Bullfrog County was a short-lived county in the U.S. state of Nevada, created by the Nevada Legislature in 1987. It consisted of an uninhabited 144-square-mile (370 km2) area around Yucca Mountain, completely enclosed by southern Nye County, the county from which it was created. Its creation was ruled in violation of the state constitution by the Nevada District Courts in 1989. In compliance with the ruling, the legislature dissolved Bullfrog County and reincorporated its territory into Nye County.[1]
To date, Bullfrog County is the only county with a population of 0 to have existed in the United States, and except for the South Dakota jurisdictions of Shannon and Todd, the only organized county whose county seat was not contained within its boundaries.

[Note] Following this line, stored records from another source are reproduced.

lemma sum_sum_delta:
  fixes f :: "'a \<Rightarrow> 'b \<Rightarrow> 'c::comm_monoid_add"
  assumes "finite A" "finite B" "a \<in> A" "b \<in> B"
  shows "(\<Sum>x\<in>A. \<Sum>y\<in>B. if a = x \<and> b = y \<and> P x y then f x y else 0) = (if P a b then f a b else 0)"
proof -
  have "(\<Sum>y\<in>B. if a = x \<and> b = y \<and> P x y then f x y else 0) = (if a = x \<and> P x b then f x b else 0)" for x
    using sum_delta_conj[OF assms(2,4), of "\<lambda>y. a = x \<and> P x y" "f x"] by (simp add: conj_left_commute)
  then show ?thesis
    using sum_delta_conj[OF assms(1,3), of "\<lambda>x. P x b" "\<lambda>x. f x b"] by simp
qed

lemma of_real_sum_cmod_sq: "of_real (\<Sum>x\<in>A. (cmod (f x))\<^sup>2) = (\<Sum>x\<in>A. f x * cnj (f x))"
  by (simp add: complex_norm_square flip: of_real_power)

lemma PiE_fix_coordinate:
  assumes "s \<in> I" "a \<in> A s"
  shows "{u \<in> PiE I A. u s = a} = PiE I (\<lambda>r. if r = s then {a} else A r)"
proof (intro set_eqI iffI)
  fix u assume u: "u \<in> PiE I (\<lambda>r. if r = s then {a} else A r)"
  have "PiE I (\<lambda>r. if r = s then {a} else A r) \<subseteq> PiE I A"
    using assms(2) by (intro PiE_mono) auto
  moreover have "u s = a" using PiE_mem[OF u assms(1)] by simp
  ultimately show "u \<in> {u \<in> PiE I A. u s = a}"
    using u by blast
qed (auto simp: PiE_iff)

lemma primitive_root_power_inj:
  assumes "primitive_root w d" "a < d" "b < d" "w ^ a = w ^ b"
  shows "a = b"
proof -
  have "w ^ d = 1" and no_smaller: "\<And>k. 0 < k \<Longrightarrow> k < d \<Longrightarrow> w ^ k \<noteq> 1"
    using assms(1) by (auto simp: primitive_root_def)
  then have "w \<noteq> 0" using assms(2) by (auto simp: power_0_left)
  have power_diff: "w ^ (j - i) = 1" if "i < j" "w ^ i = w ^ j" for i j
  proof -
    have "w ^ i * w ^ (j - i) = w ^ j" using \<open>i < j\<close> by (simp flip: power_add)
    then show ?thesis using that(2) \<open>w \<noteq> 0\<close> by simp
  qed
  show ?thesis
    using power_diff no_smaller assms(2-4) by (metis linorder_neqE_nat zero_less_diff less_imp_diff_less)
qed

lemma primitive_root_cnj_mult:
  assumes "primitive_root w d" "0 < d"
  shows "cnj w * w = 1"
proof -
  have "cmod w ^ d = 1" using assms(1) by (metis norm_one norm_power primitive_root_def)
  then have "cmod w = 1" using assms(2) power_eq_imp_eq_base[of "cmod w" d 1] by simp
  then show ?thesis by (metis complex_norm_square mult.commute of_real_1 power_one)
qed

lemma sum_powers_primitive_root:
  assumes "primitive_root w d" "a < d" "b < d"
  shows "(\<Sum>i<d. (cnj w ^ a * w ^ b) ^ i) = (if a = b then of_nat d else 0)"
proof -
  define z where "z = cnj w ^ a * w ^ b"
  have unit: "cnj w * w = 1" using primitive_root_cnj_mult assms by simp
  have "w ^ a * z = (cnj w * w) ^ a * w ^ b"
    unfolding z_def by (simp add: power_mult_distrib ac_simps)
  then have shift: "w ^ a * z = w ^ b"
    by (simp add: unit)
  have "(\<Sum>i<d. z ^ i) = (if a = b then of_nat d else 0)"
  proof (cases "a = b")
    case True
    then have "z = 1" unfolding z_def by (simp add: unit flip: power_mult_distrib)
    then show ?thesis using True by simp
  next
    case False
    have "z ^ d = (cnj w ^ d) ^ a * (w ^ d) ^ b"
      unfolding z_def by (simp add: power_mult_distrib mult.commute flip: power_mult)
    then have "z ^ d = 1"
      using assms(1) by (simp add: primitive_root_def flip: complex_cnj_power)
    moreover have "z \<noteq> 1" using shift primitive_root_power_inj[OF assms] False by auto
    ultimately show ?thesis using False by (simp add: geometric_sum)
  qed
  then show ?thesis by (simp add: z_def)
qed

lemma gpauli_identity: "a < d \<Longrightarrow> gpauli w d 0 a b = (if b = a then 1 else 0)"
  by (simp add: gpauli_def)
(* Let $H$ be a graph. Then there exists a local metric basis of $K_1+H$ containing the vertex of $K_1$ if and only if $H\in\mathcal{G}$.
   Context: All graphs are finite and simple with at least one vertex. $K_1+H$ is the join: a new vertex joined by edges to every vertex of $H$. $d_G$ is shortest-path distance ($+\infty$ between components), $d_{G,2}=\min\{d_G,2\}$; $s$ distinguishes $x,y$ w.r.t. $d$ if $d(s,x)\ne d(s,y)$. A local metric basis of a connected graph $G$ is a minimum-size set $S\subseteq V(G)$ such that any two adjacent vertices are distinguished w.r.t. $d_G$ by some vertex of $S$. A local adjacency basis of $H$ is a minimum-size set $S\subseteq V(H)$ such that any two adjacent vertices are distinguished w.r.t. $d_{H,2}$ by some vertex of $S$. $\mathcal{G}$: class of graphs $H$ such that every local adjacency basis $B$ of $H$ satisfies $B\subseteq N_H(v)$ for some $v\in V(H)$. *)

theory Defs
  imports Main "HOL-Library.Extended_Nat"
begin

definition graph :: "'a set \<Rightarrow> ('a \<Rightarrow> 'a \<Rightarrow> bool) \<Rightarrow> bool" where
  "graph V E \<longleftrightarrow> finite V \<and> V \<noteq> {} \<and>
     (\<forall>x y. E x y \<longrightarrow> x \<in> V \<and> y \<in> V) \<and>
     (\<forall>x y. E x y \<longrightarrow> E y x) \<and> (\<forall>x. \<not> E x x)"

fun walk :: "('a \<Rightarrow> 'a \<Rightarrow> bool) \<Rightarrow> nat \<Rightarrow> 'a \<Rightarrow> 'a \<Rightarrow> bool" where
  "walk E 0 x y \<longleftrightarrow> x = y"
| "walk E (Suc n) x y \<longleftrightarrow> (\<exists>z. E x z \<and> walk E n z y)"

text \<open>Shortest-path distance; infinity if there is no walk (different components).\<close>
definition gdist :: "('a \<Rightarrow> 'a \<Rightarrow> bool) \<Rightarrow> 'a \<Rightarrow> 'a \<Rightarrow> enat" where
  "gdist E x y = (INF n\<in>{n. walk E n x y}. enat n)"

definition gdist2 :: "('a \<Rightarrow> 'a \<Rightarrow> bool) \<Rightarrow> 'a \<Rightarrow> 'a \<Rightarrow> enat" where
  "gdist2 E x y = min (gdist E x y) 2"

definition local_resolving ::
  "('a \<Rightarrow> 'a \<Rightarrow> enat) \<Rightarrow> 'a set \<Rightarrow> ('a \<Rightarrow> 'a \<Rightarrow> bool) \<Rightarrow> 'a set \<Rightarrow> bool" where
  "local_resolving d V E S \<longleftrightarrow> S \<subseteq> V \<and>
     (\<forall>x y. E x y \<longrightarrow> (\<exists>s\<in>S. d s x \<noteq> d s y))"

definition local_metric_basis :: "'a set \<Rightarrow> ('a \<Rightarrow> 'a \<Rightarrow> bool) \<Rightarrow> 'a set \<Rightarrow> bool" where
  "local_metric_basis V E S \<longleftrightarrow> local_resolving (gdist E) V E S \<and>
     (\<forall>T. local_resolving (gdist E) V E T \<longrightarrow> card S \<le> card T)"

definition local_adjacency_basis :: "'a set \<Rightarrow> ('a \<Rightarrow> 'a \<Rightarrow> bool) \<Rightarrow> 'a set \<Rightarrow> bool" where
  "local_adjacency_basis V E S \<longleftrightarrow> local_resolving (gdist2 E) V E S \<and>
     (\<forall>T. local_resolving (gdist2 E) V E T \<longrightarrow> card S \<le> card T)"

definition nbhd :: "('a \<Rightarrow> 'a \<Rightarrow> bool) \<Rightarrow> 'a \<Rightarrow> 'a set" where
  "nbhd E v = {u. E v u}"

definition classG :: "'a set \<Rightarrow> ('a \<Rightarrow> 'a \<Rightarrow> bool) \<Rightarrow> bool" where
  "classG V E \<longleftrightarrow> (\<forall>B. local_adjacency_basis V E B \<longrightarrow> (\<exists>v\<in>V. B \<subseteq> nbhd E v))"

text \<open>The join K_1 + H: the new vertex is None, vertices of H are Some v.\<close>
definition join_V :: "'a set \<Rightarrow> 'a option set" where
  "join_V V = insert None (Some ` V)"

fun join_E :: "'a set \<Rightarrow> ('a \<Rightarrow> 'a \<Rightarrow> bool) \<Rightarrow> 'a option \<Rightarrow> 'a option \<Rightarrow> bool" where
  "join_E V E None None = False"
| "join_E V E None (Some y) = (y \<in> V)"
| "join_E V E (Some x) None = (x \<in> V)"
| "join_E V E (Some x) (Some y) = E x y"

end

theory Submission
  imports Defs
begin

text \<open>Every two vertices of \<open>H\<close> are at distance at most 2 in \<open>K\<^sub>1 + H\<close>, so distances between
  vertices of \<open>H\<close> in the join are their truncated distances \<open>d\<^sub>H\<^sub>,\<^sub>2\<close>; the apex is at distance 1
  from everything. Hence a set \<open>S\<close> is locally resolving in the join exactly when its trace on \<open>H\<close>
  is locally adjacency-resolving in \<open>H\<close> and, unless \<open>S\<close> contains the apex, the trace lies in no
  neighbourhood \<open>N\<^sub>H(v)\<close> (which is what distinguishes the edge from the apex to \<open>v\<close>).
  The local metric dimension of the join is therefore the adjacency dimension of \<open>H\<close> plus one,
  attained by an adjacency basis together with the apex, and a basis avoiding the apex exists
  precisely when some adjacency basis lies in no neighbourhood.\<close>

lemma gdist_le_walk: "walk E n x y \<Longrightarrow> gdist E x y \<le> enat n"
  unfolding gdist_def by (rule INF_lower) simp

Bullfrog County was not accessible by roads and contained no buildings or infrastructure of any kind.[2]
The county's establishment was a response to plans by the United States federal government to create a disposal site for radioactive waste in Yucca Mountain. The government agreed to provide payment-equal-to taxes (PETT) funding to Nye County during the characterization and construction of the Yucca Mountain repository. This money was intended to go straight to the county government, bypassing the state government. In response, the Nevada Legislature declared the unpopulated area around the proposed nuclear waste site to be a new county, Bullfrog County. Because this new county had no population, any federal payments for placing the nuclear waste site there would go directly to the state treasury. Furthermore, property tax rates in the county were set at 20 percent, or $5 on every $100 valued, the highest allowable by the state constitution. This tax burden (potentially up to $25 million) was meant to discourage the waste site's creation, but it also guaranteed that, should the site be built anyway, its existence would at least be profitable for the state government.[3]

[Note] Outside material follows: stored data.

(* Let $\mathcal{B}$ be an algebra in a functional language $\mathcal{L}$ and let $\Lambda^{\mathcal{B}}$ be the direct system of formulas associated with $\mathcal{B}$ (described in the context). Then $L(\Lambda^{\mathcal{B}})\cong\mathcal{B}$.
   Context: Functional language: operation symbols $F$ (arity $n_F$) and constants only. A diagram-formula in a finite reduct $\mathcal{L}'$ in finite variables $X$ is a conjunction of atomic formulas and negations such that $\neg(x=y)$ is a conjunct for distinct $x,y\in X$, for each $F\in\mathcal{L}'$ and $(x_0,\dots,x_{n_F})\in X^{n_F+1}$ exactly one of $F(x_1,\dots,x_{n_F})=x_0$ and its negation is a conjunct, and for each constant $c\in\mathcal{L}'$ and $x\in X$ exactly one of $x=c$, $\neg(x=c)$ is a conjunct. A direct system of formulas $\Lambda=(I,\varphi_i,\gamma_{ij})$: $(I,\le)$ directed; $\varphi_i$ consistent diagram-formulas in finite reducts $\mathcal{L}_i$ and finite variables $X_i$; maps $\gamma_{ij}:X_i\to X_j$ ($i\le j$) with $\gamma_{ii}=\mathrm{id}$, $\gamma_{jk}\gamma_{ij}=\gamma_{ik}$, conjuncts of $\varphi_i(\gamma_{ij}(X_i))$ are conjuncts of $\varphi_j$; every constant appears in a conjunct $x=c$ of some $\varphi_i$; for all $F,i,(x_1,\dots,x_{n_F})\in X_i^{n_F}$ some $j\ge i$ has a conjunct $F(\gamma_{ij}(x_1),\dots)=x_j$. Its limit algebra $L(\Lambda)$ has universe $\{(x,i):x\in X_i\}/\!\equiv$, $(x,i)\equiv(y,j)$ iff $\gamma_{ik}(x)=\gamma_{jk}(y)$ for some $k\ge i,j$, with constants/operations read off from the conjuncts $x=c$ and $F(\dots)=x_j$. The system $\Lambda^{\mathcal{B}}$: take variables $X=\{x_b:b\in B\}$; $I$ is the set of pairs $(\mathcal{L}',X')$ with $\mathcal{L}'$ a finite reduct of $\mathcal{L}$ and $X'$ a finite subset of $X$, ordered by $(\mathcal{L}',X')\le(\mathcal{L}'',X'')$ iff $\mathcal{L}'\subseteq\mathcal{L}''$ and $X'\subseteq X''$; $\varphi_{(\mathcal{L}',X')}$ is the diagram-formula in $\mathcal{L}'$ and $X'$ consisting of exactly those conjuncts (among $x_b\ne x_{b'}$, $x_b=c$ or its negation, $F(x_{b_1},\dots,x_{b_{n_F}})=x_{b_0}$ or its negation, for $c,F\in\mathcal{L}'$ and variables in $X'$) that are true in $\mathcal{B}$ under $x_b\mapsto b$; all maps $\gamma$ are inclusions $x_b\mapsto x_b$. This is a direct system of formulas. *)

theory Defs
  imports Main
begin
lemma rel_height_eq_height_diff:
  assumes "proper3 n \<gamma>" "proper3 n \<beta>" "v \<in> grid_V n"
  shows "rel_height n \<gamma> (1,1) \<beta> v = height \<beta> v - height \<gamma> v"
proof -
  have path_indep: "path_w \<beta> P - path_w \<gamma> P = height \<beta> v - height \<gamma> v"
    if "is_dpath n P (1,1) v" for P
    using path_w_eq_height_diff[OF assms(1) that] path_w_eq_height_diff[OF assms(2) that]
    by (simp add: height_def)
  obtain P where "is_dpath n P (1,1) v" using is_dpath_exists[OF assms(3)] .
  then have "\<exists>d P. is_dpath n P (1,1) v \<and> d = path_w \<beta> P - path_w \<gamma> P" by blast
  then have "\<exists>P. is_dpath n P (1,1) v
      \<and> rel_height n \<gamma> (1,1) \<beta> v = path_w \<beta> P - path_w \<gamma> P"
    unfolding rel_height_def by (rule someI_ex)
  then show ?thesis using path_indep by auto
qed

lemma even_height_diff: "even (height \<beta> v - height \<gamma> v)"
proof -
  have edge: "even (edge_w \<beta> a b - edge_w \<gamma> a b)" for a b by (simp add: edge_w_def)
  have "height \<beta> v - height \<gamma> v
      = (\<Sum>k\<in>{1..<snd v}. edge_w \<beta> (1,k) (1, Suc k) - edge_w \<gamma> (1,k) (1, Suc k))
      + (if fst v = 2 then edge_w \<beta> (1, snd v) (2, snd v) - edge_w \<gamma> (1, snd v) (2, snd v)
         else 0)"
    by (simp add: height_def sum_subtractf)
  then show ?thesis using edge by (simp add: dvd_sum)
qed

lemma even_rel_height:
  assumes "proper3 n \<gamma>" "proper3 n \<beta>" "v \<in> grid_V n"
  shows "even (rel_height n \<gamma> (1,1) \<beta> v)"
  using rel_height_eq_height_diff[OF assms] even_height_diff by simp

lemma rel_height_adj_le:
  assumes "proper3 n \<gamma>" "proper3 n \<beta>" "grid_adj n a b"
  shows "\<bar>rel_height n \<gamma> (1,1) \<beta> b - rel_height n \<gamma> (1,1) \<beta> a\<bar> \<le> 2"
proof -
  have "a \<in> grid_V n" "b \<in> grid_V n" using assms(3) unfolding grid_adj_def by simp_all
  then show ?thesis
    using rel_height_eq_height_diff[OF assms(1,2)]
      edge_w_eq_height_diff[OF assms(1,3)] edge_w_eq_height_diff[OF assms(2,3)]
    unfolding edge_w_def by (auto split: if_split_asm)
qed

lemma successively_sign_eq:
  fixes xs :: "int list"
  assumes "successively (\<lambda>a b. \<bar>b - a\<bar> \<le> 2) xs" "\<forall>x\<in>set xs. even x \<and> x \<noteq> 0" "xs \<noteq> []"
  shows "last xs < 0 \<longleftrightarrow> hd xs < 0"
  using assms
proof (induction xs rule: induct_list012)
  case (3 x y zs)
  have "\<bar>y - x\<bar> \<le> 2" "even x" "even y" "x \<noteq> 0" "y \<noteq> 0"
    using "3.prems"(1,2) by simp_all
  then have "x < 0 \<longleftrightarrow> y < 0" by presburger
  then show ?case using "3.IH"(2) "3.prems" by simp
qed auto

lemma grid_discrete_ivt:
  fixes f :: "nat \<times> nat \<Rightarrow> int"
  assumes even: "\<forall>v\<in>grid_V n. even (f v)"
    and step: "\<And>a b. grid_adj n a b \<Longrightarrow> \<bar>f b - f a\<bar> \<le> 2"
    and "a \<in> f ` grid_V n" "b \<in> f ` grid_V n" "a < 0" "0 < b"
  shows "0 \<in> f ` grid_V n"
proof (rule ccontr)
  assume zero_free: "0 \<notin> f ` grid_V n"
  have sign: "f v < 0 \<longleftrightarrow> f (1,1) < 0" if v: "v \<in> grid_V n" for v
  proof -
    obtain P where P: "is_dpath n P (1,1) v" using is_dpath_exists[OF v] .
    have "successively (\<lambda>a b. \<bar>b - a\<bar> \<le> 2) (map f P)"
      unfolding successively_map using is_dpath_successively[OF P]
      by (rule successively_mono) (rule step)
    moreover have "\<forall>x\<in>set (map f P). even x \<and> x \<noteq> 0"
      using P even zero_free unfolding is_dpath_def by force
    ultimately show ?thesis
      using successively_sign_eq[of "map f P"] P unfolding is_dpath_def
      by (simp add: last_map hd_map)
  qed
  obtain u w where "u \<in> grid_V n" "w \<in> grid_V n" "a = f u" "b = f w"
    using assms(3,4) by blast
  then show False using sign[of u] sign[of w] assms(5,6) by simp
qed

lemma sum_list_abs_add_diff_le:
  fixes c :: "'a::linordered_idom"
  assumes "0 \<le> c"
  shows "(\<Sum>y\<leftarrow>ys. \<bar>y + c\<bar>) - (\<Sum>y\<leftarrow>ys. \<bar>y\<bar>)
    \<le> c * (of_nat (length ys) - 2 * of_nat (length (filter (\<lambda>y. y \<le> - c) ys)))"
  using assms by (induction ys) (auto simp: algebra_simps abs_if)

lemma length_filter_le_if_sorted_nth_le:
  assumes "sorted xs" "i < length xs" "xs ! i \<le> a"
  shows "Suc i \<le> length (filter (\<lambda>x. x \<le> a) xs)"
proof -
  have "{0..i} \<subseteq> {k. k < length xs \<and> xs ! k \<le> a}"
    using assms sorted_nth_mono[OF assms(1)] by fastforce
  then have "card {0..i} \<le> card {k. k < length xs \<and> xs ! k \<le> a}"
    by (intro card_mono) auto
  then show ?thesis by (simp add: length_filter_conv_card)
qed

lemma length_filter_ge_if_sorted_nth_ge:
  assumes "sorted xs" "i < length xs" "a \<le> xs ! i"
  shows "length xs - i \<le> length (filter (\<lambda>x. a \<le> x) xs)"
proof -
  have "{i..<length xs} \<subseteq> {k. k < length xs \<and> a \<le> xs ! k}"
    using assms sorted_nth_mono[OF assms(1)] by fastforce
  then have "card {i..<length xs} \<le> card {k. k < length xs \<and> a \<le> xs ! k}"
    by (intro card_mono) auto
  then show ?thesis by (simp add: length_filter_conv_card)
qed

lemma medians_bracket_zero_if_shift_minimal:
  fixes ys :: "int list"
  assumes sorted: "sorted ys" and length: "length ys = 2 * n" and "n \<ge> 1"
    and even: "\<forall>y\<in>set ys. even y"
    and up: "(\<Sum>y\<leftarrow>ys. \<bar>y\<bar>) \<le> (\<Sum>y\<leftarrow>ys. \<bar>y + 2\<bar>)"
    and down: "(\<Sum>y\<leftarrow>ys. \<bar>y\<bar>) \<le> (\<Sum>y\<leftarrow>ys. \<bar>y - 2\<bar>)"
  shows "ys ! (n - 1) \<le> 0 \<and> 0 \<le> ys ! n"
proof (intro conjI; rule ccontr)
  assume "\<not> ys ! (n - 1) \<le> 0"
  moreover have "even (ys ! (n - 1))" using even length \<open>n \<ge> 1\<close> by simp
  ultimately have "2 \<le> ys ! (n - 1)" by presburger
  then have "n + 1 \<le> length (filter (\<lambda>y. 2 \<le> y) ys)"
    using length_filter_ge_if_sorted_nth_ge[OF sorted, of "n - 1" 2] length \<open>n \<ge> 1\<close> by simp
  \<comment> \<open>negating the list turns the downward shift into an upward one\<close>
  moreover have "(\<Sum>y\<leftarrow>map uminus ys. \<bar>y + 2\<bar>) - (\<Sum>y\<leftarrow>map uminus ys. \<bar>y\<bar>)
      \<le> 2 * (of_nat (length ys) - 2 * of_nat (length (filter (\<lambda>y. 2 \<le> y) ys)))"
    using sum_list_abs_add_diff_le[of 2 "map uminus ys"] by (simp add: filter_map o_def)
  ultimately have "(\<Sum>y\<leftarrow>ys. \<bar>y - 2\<bar>) < (\<Sum>y\<leftarrow>ys. \<bar>y\<bar>)"
    using length by (simp add: o_def abs_minus_commute)
  then show False using down by simp
next
  assume "\<not> 0 \<le> ys ! n"
  moreover have "even (ys ! n)" using even length \<open>n \<ge> 1\<close> by simp
  ultimately have "ys ! n \<le> -2" by presburger
  then have "n + 1 \<le> length (filter (\<lambda>y. y \<le> -2) ys)"
    using length_filter_le_if_sorted_nth_le[OF sorted, of n "-2"] length \<open>n \<ge> 1\<close> by simp
  then have "(\<Sum>y\<leftarrow>ys. \<bar>y + 2\<bar>) < (\<Sum>y\<leftarrow>ys. \<bar>y\<bar>)"
    using sum_list_abs_add_diff_le[of 2 ys] length by simp
  then show False using up by simp
qed

lemma sorted_nth_eq_if_mem_between:
  assumes "sorted xs" "0 < i" "i < length xs" "xs ! (i - 1) \<le> a" "a \<le> xs ! i" "a \<in> set xs"
  shows "xs ! (i - 1) = a \<or> xs ! i = a"
proof (rule ccontr)
  assume "\<not> ?thesis"
  then have strict: "xs ! (i - 1) < a" "a < xs ! i" using assms(4,5) by auto
  obtain k where k: "k < length xs" "xs ! k = a" using assms(6) by (auto simp: in_set_conv_nth)
  show False
  proof (cases "k < i")
    case True
    then have "xs ! k \<le> xs ! (i - 1)" using sorted_nth_mono[OF assms(1)] assms(3) by simp
    then show False using strict k by simp
  next
    case False
    then show False using sorted_nth_mono[OF assms(1), of i k] strict k by simp
  qed
qed

lemma sum_eq_sum_list_sorted_image_mset:
  "(\<Sum>v\<in>V. g (f v)) = (\<Sum>z\<leftarrow>sorted_list_of_multiset (image_mset f (mset_set V)). g z)"
proof -
  have "(\<Sum>v\<in>V. g (f v)) = (\<Sum>z\<in>#image_mset f (mset_set V). g z)"
    by (simp add: sum_unfold_sum_mset image_mset.compositionality o_def)
  then show ?thesis by (metis mset_map mset_sorted_list_of_multiset sum_mset_sum_list)
qed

The existence of Bullfrog County created serious legal problems for the state of Nevada. It was not included in any of Nevada's nine district courts; thus, Bullfrog County had no judiciary. Furthermore, the Nevada State Constitution states that, in the event of a jury trial, the jury be made up of residents of the county the crime was committed in. Thus, if a felony was committed in Bullfrog County, a jury would be impossible since no residents exist. For these and other reasons, the establishment of the county was challenged by the state government and the government of Nye County, and the Nevada district court found it to be in violation of the state constitution due of its zero population size. In compliance, the state legislature abolished Bullfrog County in 1989, and the territory was absorbed back into Nye County.[4]